Collected data entries
::::
lemma Abar_eq_dilated_frame:
  "0 < \<delta> \<Longrightarrow> Abar \<sigma> b \<delta> x = dilated_frame \<delta> (\<sigma> x + \<delta> *\<^sub>R lie b \<sigma> x) (bracket b \<sigma> x)"
  unfolding Abar_def dilated_frame_def
  using powr_add[of \<delta> 1 "1/2"] by (simp add: powr_half_sqrt)

locale hoermander_near =
  fixes \<sigma> b :: "R2 \<Rightarrow> R2" and x :: R2 and N \<Lambda> :: real
  assumes C3: "C3 \<sigma>" "C3 b"
    and NL: "1 \<le> N" "0 < \<Lambda>" "\<Lambda> \<le> 1"
    and bounds: "\<And>y. y \<in> ball x 1 \<Longrightarrow> \<Lambda> \<le> lam \<sigma> b y \<and> nfun \<sigma> b y \<le> N"
begin

lemma norm_dalpha_le:
  assumes "y \<in> ball x 1" "fst \<alpha> + snd \<alpha> \<le> 3"
  shows "norm (dalpha \<alpha> \<sigma> y) \<le> N" "norm (dalpha \<alpha> b y) \<le> N"
  using norm_dalpha_le_nfun[OF assms(2), of b y \<sigma>] bounds[OF assms(1)]
    norm_ge_zero[of "dalpha \<alpha> \<sigma> y"] norm_ge_zero[of "dalpha \<alpha> b y"] by linarith+

lemma derivative_bounds:
  assumes "y \<in> ball x 1"
  shows "norm (\<sigma> y) \<le> N" "norm (pd i \<sigma> y) \<le> N"
    "norm (pd 1 (pd j \<sigma>) y) \<le> N" "norm (pd 2 (pd 2 \<sigma>) y) \<le> N"
    and "norm (b y) \<le> N" "norm (pd i b y) \<le> N"
    "norm (pd 1 (pd j b) y) \<le> N" "norm (pd 2 (pd 2 b) y) \<le> N"
proof -
  have "i = 1 \<or> i = 2" "j = 1 \<or> j = 2"
    using exhaust_2 by blast+
  then show "norm (\<sigma> y) \<le> N" "norm (pd i \<sigma> y) \<le> N"
    "norm (pd 1 (pd j \<sigma>) y) \<le> N" "norm (pd 2 (pd 2 \<sigma>) y) \<le> N"
    and "norm (b y) \<le> N" "norm (pd i b y) \<le> N"
    "norm (pd 1 (pd j b) y) \<le> N" "norm (pd 2 (pd 2 b) y) \<le> N"
    using norm_dalpha_le[OF assms, of "(0,0)"] norm_dalpha_le[OF assms, of "(1,0)"]
      norm_dalpha_le[OF assms, of "(0,1)"] norm_dalpha_le[OF assms, of "(2,0)"]
      norm_dalpha_le[OF assms, of "(1,1)"] norm_dalpha_le[OF assms, of "(0,2)"]
    unfolding dalpha_simps by auto
qed

lemma norm_lie_le_on_ball:
  assumes "y \<in> ball x 1"
  shows "norm (lie \<sigma> b y) \<le> 2 * N^2" "norm (lie b \<sigma> y) \<le> 2 * N^2"
  using norm_lie_le derivative_bounds[OF assms] by auto

lemma norm_bracket_le:
  assumes "y \<in> ball x 1"
  shows "norm (bracket b \<sigma> y) \<le> 4 * N^2"
  using norm_triangle_ineq4[of "lie \<sigma> b y" "lie b \<sigma> y"] norm_lie_le_on_ball[OF assms]
  unfolding bracket_def by linarith

lemma abs_det_frame_ge:
  assumes "y \<in> ball x 1"
  shows "\<Lambda> \<le> \<bar>det2 (\<sigma> y) (bracket b \<sigma> y)\<bar>"
  using le_abs_det_of_le_min_eigenvalue[of \<Lambda> "Amat \<sigma> b y"] bounds[OF assms] NL
  unfolding lam_def Amat_def det_cols2 by simp

lemma sigma_bracket_lipschitz:
  assumes "y \<in> ball x (1/2)" "z \<in> ball x (1/2)"
  shows "norm (\<sigma> z - \<sigma> y) \<le> 2 * N * norm (z - y)"
    and "norm (bracket b \<sigma> z - bracket b \<sigma> y) \<le> 16 * N^2 * norm (z - y)"
proof -
  define A where "A = 2 * N * norm (z - y)"
  have yz: "y \<in> ball x 1" "z \<in> ball x 1"
    using assms by auto
  have lip: "norm (f z - f y) \<le> A"
    if "f \<in> {\<sigma>, b, pd 2 \<sigma>, pd 2 b}" for f
    unfolding A_def
    by (rule norm_diff_le_of_pd_bound[OF convex_ball yz])
       (use that C3_differentiable[OF C3(1)] C3_differentiable[OF C3(2)] derivative_bounds in auto)
  have lip1: "norm (pd 1 f z - pd 1 f y) \<le> A" if "f \<in> {\<sigma>, b}" for f
    unfolding A_def
    by (rule norm_pd_diff_le[OF _ _ _ assms(1,2)])
       (use that C3_differentiable[OF C3(1)] C3_differentiable[OF C3(2)] derivative_bounds in auto)
  show "norm (\<sigma> z - \<sigma> y) \<le> 2 * N * norm (z - y)"
    using lip[of \<sigma>] unfolding A_def by simp
  have "norm (lie \<sigma> b z - lie \<sigma> b y) \<le> 4 * N * A" "norm (lie b \<sigma> z - lie b \<sigma> y) \<le> 4 * N * A"
    using lip lip1 derivative_bounds yz by (auto intro!: norm_lie_diff_le)
  then show "norm (bracket b \<sigma> z - bracket b \<sigma> y) \<le> 16 * N^2 * norm (z - y)"
    using norm_triangle_ineq4[of "lie \<sigma> b z - lie \<sigma> b y" "lie b \<sigma> z - lie b \<sigma> y"]
    unfolding bracket_def A_def by (simp add: power2_eq_square algebra_simps)
qed

lemma delta_small:
  assumes "0 < \<delta>" "\<delta> \<le> \<Lambda> / (512 * N^5)"
  shows "\<delta> * N \<le> 1/512" "\<delta> \<le> 1"
proof -
  have "\<delta> * N \<le> \<Lambda> / (512 * N^5) * N"
    using assms NL by (intro mult_right_mono) auto
  also have "\<dots> = \<Lambda> / (512 * N^4)"
    using NL by (simp add: field_simps eval_nat_numeral)
  also have "\<dots> \<le> 1 / 512"
  proof -
    have "\<Lambda> \<le> N^4"
      using NL one_le_power[of N 4] by linarith
    then show ?thesis
      using NL by (simp add: divide_le_eq)
  qed
  finally show "\<delta> * N \<le> 1/512" .
  then show "\<delta> \<le> 1"
    using assms(1) NL mult_left_mono[of 1 N \<delta>] by linarith
qed

lemma N_power_bounds: "N \<le> 4 * N^2" "2 * N^2 \<le> 16 * N^3" "N + 2 * N^2 \<le> 4 * N^2"
proof -
  have "N \<le> N^2" "N^2 \<le> N^3"
    using mult_right_mono[of 1 N N] mult_right_mono[of 1 N "N^2"] NL
    by (simp_all add: power2_eq_square power3_eq_cube mult_ac)
  then show "N \<le> 4 * N^2" "2 * N^2 \<le> 16 * N^3" "N + 2 * N^2 \<le> 4 * N^2"
    using NL by simp_all
qed

lemma Abar_frame_comparable:
  assumes \<delta>: "0 < \<delta>" "\<delta> \<le> \<Lambda> / (512 * N^5)"
  defines "s' \<equiv> \<sigma> x + \<delta> *\<^sub>R lie b \<sigma> x"
  shows "mnorm (dilated_frame \<delta> (\<sigma> x) (bracket b \<sigma> x)) \<xi>
           \<le> 448 * (N/\<Lambda>)^5 * mnorm (dilated_frame \<delta> s' (bracket b \<sigma> x)) \<xi>"
    and "mnorm (dilated_frame \<delta> s' (bracket b \<sigma> x)) \<xi>
           \<le> 448 * (N/\<Lambda>)^5 * mnorm (dilated_frame \<delta> (\<sigma> x) (bracket b \<sigma> x)) \<xi>"
proof -
  have x: "x \<in> ball x 1"
    by simp
  have lie: "norm (lie b \<sigma> x) \<le> 2 * N^2"
    using norm_lie_le_on_ball[OF x] by simp
  have "norm (s' - \<sigma> x) = \<delta> * norm (lie b \<sigma> x)"
    using \<delta>(1) unfolding s'_def by simp
  also have "\<dots> \<le> 16 * N^3 * \<delta>"
    using lie N_power_bounds(2) \<delta>(1) by (simp add: mult.commute mult_left_mono)
  finally have close: "norm (s' - \<sigma> x) \<le> 16 * N^3 * \<delta>" .
  have "norm s' \<le> norm (\<sigma> x) + \<delta> * norm (lie b \<sigma> x)"
    using norm_triangle_ineq[of "\<sigma> x" "\<delta> *\<^sub>R lie b \<sigma> x"] \<delta>(1) unfolding s'_def by simp
  also have "\<dots> \<le> N + 1 * (2 * N^2)"
    using derivative_bounds(1)[OF x] lie delta_small[OF \<delta>] \<delta>(1)
    by (intro add_mono mult_mono) auto
  finally have "norm s' \<le> 4 * N^2"
    using N_power_bounds(3) by linarith
  note comparable = mnorm_dilated_frame_comparable[OF NL abs_det_frame_ge[OF x]
      order_trans[OF derivative_bounds(1)[OF x] N_power_bounds(1)] norm_bracket_le[OF x]
      this norm_bracket_le[OF x] close _ \<delta>, of \<xi>]
  show "mnorm (dilated_frame \<delta> (\<sigma> x) (bracket b \<sigma> x)) \<xi>
           \<le> 448 * (N/\<Lambda>)^5 * mnorm (dilated_frame \<delta> s' (bracket b \<sigma> x)) \<xi>"
    "mnorm (dilated_frame \<delta> s' (bracket b \<sigma> x)) \<xi>
           \<le> 448 * (N/\<Lambda>)^5 * mnorm (dilated_frame \<delta> (\<sigma> x) (bracket b \<sigma> x)) \<xi>"
    using comparable NL \<delta> by simp_all
qed

lemma shifted_frame_comparable:
  assumes \<delta>: "0 < \<delta>" "\<delta> \<le> \<Lambda> / (512 * N^5)"
  defines "x' \<equiv> x + \<delta> *\<^sub>R b x"
  shows "mnorm (dilated_frame \<delta> (\<sigma> x) (bracket b \<sigma> x)) \<xi>
           \<le> 448 * (N/\<Lambda>)^5 * mnorm (dilated_frame \<delta> (\<sigma> x') (bracket b \<sigma> x')) \<xi>"
    and "mnorm (dilated_frame \<delta> (\<sigma> x') (bracket b \<sigma> x')) \<xi>
           \<le> 448 * (N/\<Lambda>)^5 * mnorm (dilated_frame \<delta> (\<sigma> x) (bracket b \<sigma> x)) \<xi>"
proof -
  have x: "x \<in> ball x 1" "x \<in> ball x (1/2)"
    by simp_all
  have step: "norm (x' - x) \<le> \<delta> * N"
    using derivative_bounds(5)[OF x(1)] \<delta>(1) unfolding x'_def by (simp add: mult_left_mono)
  then have x': "x' \<in> ball x (1/2)" "x' \<in> ball x 1"
    using delta_small[OF \<delta>] by (auto simp: dist_norm norm_minus_commute)
  have "norm (\<sigma> x' - \<sigma> x) \<le> 2 * N * (\<delta> * N)"
    using sigma_bracket_lipschitz(1)[OF x(2) x'(1)] step NL by (smt (verit) mult_left_mono)
  also have "\<dots> \<le> 16 * N^3 * \<delta>"
    using N_power_bounds(2) \<delta>(1) by (simp add: power2_eq_square algebra_simps mult_right_mono)
  finally have close_\<sigma>: "norm (\<sigma> x' - \<sigma> x) \<le> 16 * N^3 * \<delta>" .
  have "norm (bracket b \<sigma> x' - bracket b \<sigma> x) \<le> 16 * N^2 * (\<delta> * N)"
    using sigma_bracket_lipschitz(2)[OF x(2) x'(1)] step NL by (smt (verit) mult_left_mono zero_le_power2)
  then have close_bracket: "norm (bracket b \<sigma> x' - bracket b \<sigma> x) \<le> 16 * N^3 * \<delta>"
    by (simp add: power2_eq_square power3_eq_cube algebra_simps)
  note comparable = mnorm_dilated_frame_comparable[OF NL abs_det_frame_ge[OF x(1)]
      order_trans[OF derivative_bounds(1)[OF x(1)] N_power_bounds(1)] norm_bracket_le[OF x(1)]
      order_trans[OF derivative_bounds(1)[OF x'(2)] N_power_bounds(1)] norm_bracket_le[OF x'(2)]
      close_\<sigma> close_bracket \<delta>, of \<xi>]
  show "mnorm (dilated_frame \<delta> (\<sigma> x) (bracket b \<sigma> x)) \<xi>
           \<le> 448 * (N/\<Lambda>)^5 * mnorm (dilated_frame \<delta> (\<sigma> x') (bracket b \<sigma> x')) \<xi>"
    "mnorm (dilated_frame \<delta> (\<sigma> x') (bracket b \<sigma> x')) \<xi>
           \<le> 448 * (N/\<Lambda>)^5 * mnorm (dilated_frame \<delta> (\<sigma> x) (bracket b \<sigma> x)) \<xi>"
    using comparable by simp_all
qed

lemma delta_le_of_powr_bound:
  assumes "\<delta> \<le> 1 / (512 * (N / \<Lambda>) powr 5)"
  shows "\<delta> \<le> \<Lambda> / (512 * N^5)"
proof -
  have "1 / (512 * (N / \<Lambda>) powr 5) = \<Lambda>^5 / (512 * N^5)"
    using NL by (simp add: powr_realpow power_divide)
  also have "\<dots> \<le> \<Lambda> / (512 * N^5)"
    using NL power_decreasing[of 1 5 \<Lambda>] by (intro divide_right_mono) auto
  finally show ?thesis
    using assms by linarith
qed

end
(* Let $p$ be a prime and $b$ an integer with $0<b<\frac{p-1}{2}$. Then $(p-b)(p-b^{-1})=2p+1$ if and only if $\frac{p-1}{3}\in\mathbb{Z}$ and $b=\frac{p-1}{3}$.
   Context: $b^{-1}$ is the unique integer $0<b^{-1}<p$ with $bb^{-1}\equiv1\pmod p$. *)

theory Defs
  imports "HOL-Number_Theory.Number_Theory"
begin

definition inv_mod :: "int \<Rightarrow> int \<Rightarrow> int" where
  "inv_mod p b = (THE c. 0 < c \<and> c < p \<and> [b * c = 1] (mod p))"

end

theory Submission
  imports Defs
begin

(* With x = p - b, the hypothesis b < (p - 1)/2 puts x strictly between (p + 1)/2 and p,
   so the only cofactor y with x * y = 2p + 1 can be 3 (1 is too small, 2 has the wrong
   parity, 4 is too big); this forces p = 3b + 1.  Conversely, for p = 3b + 1 the inverse
   of b is 3b - 2 = p - 3, as b (3b - 2) - 1 = p (b - 1). *)

lemma inv_mod_eqI:
  fixes p b d :: int
  assumes "0 < d" "d < p" "[b * d = 1] (mod p)"
  shows "inv_mod p b = d"
  unfolding inv_mod_def
proof (rule the_equality)
  show "0 < d \<and> d < p \<and> [b * d = 1] (mod p)" using assms by blast
next
  fix c assume c: "0 < c \<and> c < p \<and> [b * c = 1] (mod p)"
  have "[c = c * (b * d)] (mod p)"
    using cong_scalar_left[OF assms(3), of c] by (simp add: cong_sym)
  also have "c * (b * d) = (b * c) * d" by (simp add: ac_simps)
  also have "[(b * c) * d = d] (mod p)"
    using cong_scalar_right[of "b * c" 1 p d] c by simp
  finally have "[c = d] (mod p)" .
  then show "c = d" using c assms by (intro cong_less_imp_eq_int) auto
qed

lemma cofactor_eq_3:
  fixes x y p :: int
  assumes prod: "x * y = 2 * p + 1" and "p + 1 < 2 * x" and "x \<le> p"
  shows "y = 3"
proof -
  have "0 < x" using assms(2,3) by linarith
  moreover have "0 < x * y" using prod assms(2,3) by linarith
  ultimately have "0 < y" using zero_less_mult_pos by blast
  moreover have "y \<noteq> 1" using prod assms(3) \<open>0 < x\<close> by auto
  moreover have "y \<noteq> 2"
  proof
    assume "y = 2"
    with prod have "2 * x = 2 * p + 1" by (simp add: mult.commute)
    then show False by presburger
  qed
  moreover have "y < 4"
  proof (rule ccontr)
    assume "\<not> y < 4"
    then have "x * 4 \<le> x * y" using \<open>0 < x\<close> by (intro mult_left_mono) auto
    then show False using prod assms(2) by linarith
  qed
  ultimately show "y = 3" by linarith
qed

theorem lemma5p3:
  fixes p b :: int
  assumes "prime p" and "0 < b" and "real_of_int b < (real_of_int p - 1) / 2"
  shows "(p - b) * (p - inv_mod p b) = 2 * p + 1 \<longleftrightarrow>
           (3 dvd (p - 1) \<and> b = (p - 1) div 3)"
proof
  have "real_of_int (2 * b) < real_of_int (p - 1)" using assms(3) by simp
  then have "2 * b < p - 1" by (simp only: of_int_less_iff)
  assume h: "(p - b) * (p - inv_mod p b) = 2 * p + 1"
  have "p - inv_mod p b = 3"
    using \<open>2 * b < p - 1\<close> assms(2) by (intro cofactor_eq_3[OF h]) auto
  with h have "p = 3 * b + 1" by simp
  then show "3 dvd (p - 1) \<and> b = (p - 1) div 3" by simp
next
  assume "3 dvd (p - 1) \<and> b = (p - 1) div 3"
  then have p: "p = 3 * b + 1" by auto
  have "b * (3 * b - 2) - 1 = p * (b - 1)" using p by (simp add: algebra_simps)
  then have "[b * (3 * b - 2) = 1] (mod p)" by (simp add: cong_iff_dvd_diff)
  then have "inv_mod p b = 3 * b - 2" using assms(2) p by (intro inv_mod_eqI) auto
  then show "(p - b) * (p - inv_mod p b) = 2 * p + 1" using p by simp
qed

end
::::
- _REQUIRED ACTION_:
Within the entries above, how many lines contain the word "False"? State the number only.

- _YOUR SOLUTION_:
2